Documentation Site: https://neo4j-partners.github.io/neo4j-uc-integration

This project shows how to query a Neo4j graph database directly from Databricks using Unity Catalog. You write SQL in Databricks and the Neo4j JDBC driver automatically translates it to Cypher — the graph query language Neo4j uses — so you don't need to learn Cypher to get data out of Neo4j.

The connection works through Unity Catalog's JDBC support, which means your Neo4j access is governed by the same permissions, credentials, and audit controls as the rest of your lakehouse. Once connected, you can join Neo4j graph data (like flights, airports, and relationships between them) with your existing Delta tables in a single query.

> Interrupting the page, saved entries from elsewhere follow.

lemma lex_dominates_iff_class_prob:
  assumes \<sigma>: "\<sigma> permutes {..<m j}"
  shows "lex_dominates m cls j \<sigma> p q \<longleftrightarrow>
    (\<exists>c<m j. class_prob p (cls j) c > class_prob q (cls j) c \<and>
       (\<forall>d<m j. \<sigma> d < \<sigma> c \<longrightarrow> class_prob p (cls j) d = class_prob q (cls j) d))"
proof -
  let ?rank_prob = "\<lambda>p r. lprob p {x. pos cls j \<sigma> x = r}"
  have below: "(\<forall>r'<\<sigma> c. ?rank_prob p r' = ?rank_prob q r') \<longleftrightarrow>
      (\<forall>d<m j. \<sigma> d < \<sigma> c \<longrightarrow> ?rank_prob p (\<sigma> d) = ?rank_prob q (\<sigma> d))" if "c < m j" for c
  proof (intro iffI allI impI)
    fix r' assume "\<forall>d<m j. \<sigma> d < \<sigma> c \<longrightarrow> ?rank_prob p (\<sigma> d) = ?rank_prob q (\<sigma> d)"
      and "r' < \<sigma> c"
    moreover have "\<sigma> c < m j" using that permutes_lessThan_rank[OF \<sigma>] by blast
    ultimately show "?rank_prob p r' = ?rank_prob q r'"
      using permutes_lessThan_rank[OF \<sigma>, of r'] by force
  qed simp
  have "lex_dominates m cls j \<sigma> p q \<longleftrightarrow>
    (\<exists>c<m j. ?rank_prob p (\<sigma> c) > ?rank_prob q (\<sigma> c) \<and>
       (\<forall>r'<\<sigma> c. ?rank_prob p r' = ?rank_prob q r'))"
    unfolding lex_dominates_def by (rule permutes_lessThan_ex_iff[OF \<sigma>])
  also have "\<dots> \<longleftrightarrow> (\<exists>c<m j. ?rank_prob p (\<sigma> c) > ?rank_prob q (\<sigma> c) \<and>
       (\<forall>d<m j. \<sigma> d < \<sigma> c \<longrightarrow> ?rank_prob p (\<sigma> d) = ?rank_prob q (\<sigma> d)))"
    using below by blast
  finally show ?thesis by (simp only: rank_set_eq_class[OF \<sigma>])
qed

The project also demonstrates how to make Neo4j's schema (node labels, relationship types, properties) visible in Databricks Catalog Explorer through metadata synchronization, and how to make Neo4j data queryable in plain English through Databricks AI/BI Genie.

All queries shown in this repo ran on a live Databricks cluster (Runtime 17.3 LTS) connected to Neo4j Aura. The output is real, not mocked.

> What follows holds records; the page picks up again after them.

(* In the setting below, $C_2^\perp\subseteq C_1$, $\dim C_1-\dim C_2^\perp=k-m+s$, and every vector in $(C_1\setminus C_2^\perp)\cup(C_2\setminus C_1^\perp)$ has Hamming weight at least $\min(q-k,m)-s+1$. Consequently $\mathrm{CSS}(C_1,C_2)$ is a quantum CSS code over $\mathbb F_q$ with length $q-s$, dimension $k-m+s$ and distance at least $\min(q-k,m)-s+1$.
   Context: Let $q=2^l$ ($l\ge2$) and $\mathbb F_q$ the field with $q$ elements. Fix integers $k,m,s$ with $q/3\ge k\ge m\ge s>0$ and $2k\le q-m$. Fix $A\subseteq\mathbb F_q$ with $|A|=k$, $B\subseteq A$ with $|B|=s$, and let $M=\mathbb F_q\setminus B$. For $d\in\mathbb N$, $\mathbb F_q[x]_{<d}$ denotes the polynomials of degree $<d$ (including $0$). The evaluation map $\phi_M:\mathbb F_q[x]\to\mathbb F_q^M$ is $P\mapsto(P(\alpha))_{\alpha\in M}$. Let $C_1=\phi_M(\mathbb F_q[x]_{<k})$, $C_2^\perp=\phi_M(\{P\in\mathbb F_q[x]_{<m}:P(b)=0\ \forall b\in B\})$, and $C_2=\{v\in\mathbb F_q^M:\sum_{\alpha\in M}v_\alpha w_\alpha=0\ \forall w\in C_2^\perp\}$; $C_1^\perp$ is defined analogously. For linear codes $C_2^\perp\subseteq C_1$ in $\mathbb F_q^M$, $\mathrm{CSS}(C_1,C_2)$ is the span of the states $\sum_{\alpha\in C_2^\perp}|c+\alpha\rangle$, $c\in C_1$, its dimension is $\dim C_1-\dim C_2^\perp$ and its distance is the minimum Hamming weight of $(C_1\setminus C_2^\perp)\cup(C_2\setminus C_1^\perp)$. *)

theory Defs
  imports "HOL-Computational_Algebra.Polynomial" "HOL-Library.Function_Algebras" "HOL-Library.Cardinality"
begin

text \<open>Vectors of F_q^M are represented as functions 'a => 'a vanishing outside M.
  Scalar multiplication is pointwise.\<close>

definition fscale :: "'a::field \<Rightarrow> ('a \<Rightarrow> 'a) \<Rightarrow> ('a \<Rightarrow> 'a)" where
  "fscale c v = (\<lambda>x. c * v x)"

definition code_dim :: "('a::field \<Rightarrow> 'a) set \<Rightarrow> nat" where
  "code_dim C = vector_space.dim fscale C"

definition vecs_on :: "'a::field set \<Rightarrow> ('a \<Rightarrow> 'a) set" where
  "vecs_on M = {v. \<forall>x. x \<notin> M \<longrightarrow> v x = 0}"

For a step-by-step setup and usage guide, see neo4j_uc_jdbc_guide.md.


Overview of Neo4j Integration Patterns

JDBC Connectivity — Neo4j connects to Unity Catalog via a generic JDBC connection (TYPE JDBC) using the Neo4j JDBC driver with built-in SQL-to-Cypher translation. A SafeSpark compatibility issue (metaspace memory exhaustion) was resolved in collaboration with Databricks engineering. With three Spark configuration settings, UC JDBC connections to Neo4j work correctly — including queries, aggregates, JOINs, and schema discovery.

Federated Queries — Once connected, Neo4j graph data (flights, airports, maintenance events, component hierarchies) can be joined with Delta lakehouse tables (sensor readings, time-series analytics) in a single Spark SQL statement. No ETL pipelines required — each database is queried where the data lives, with results combined at read time.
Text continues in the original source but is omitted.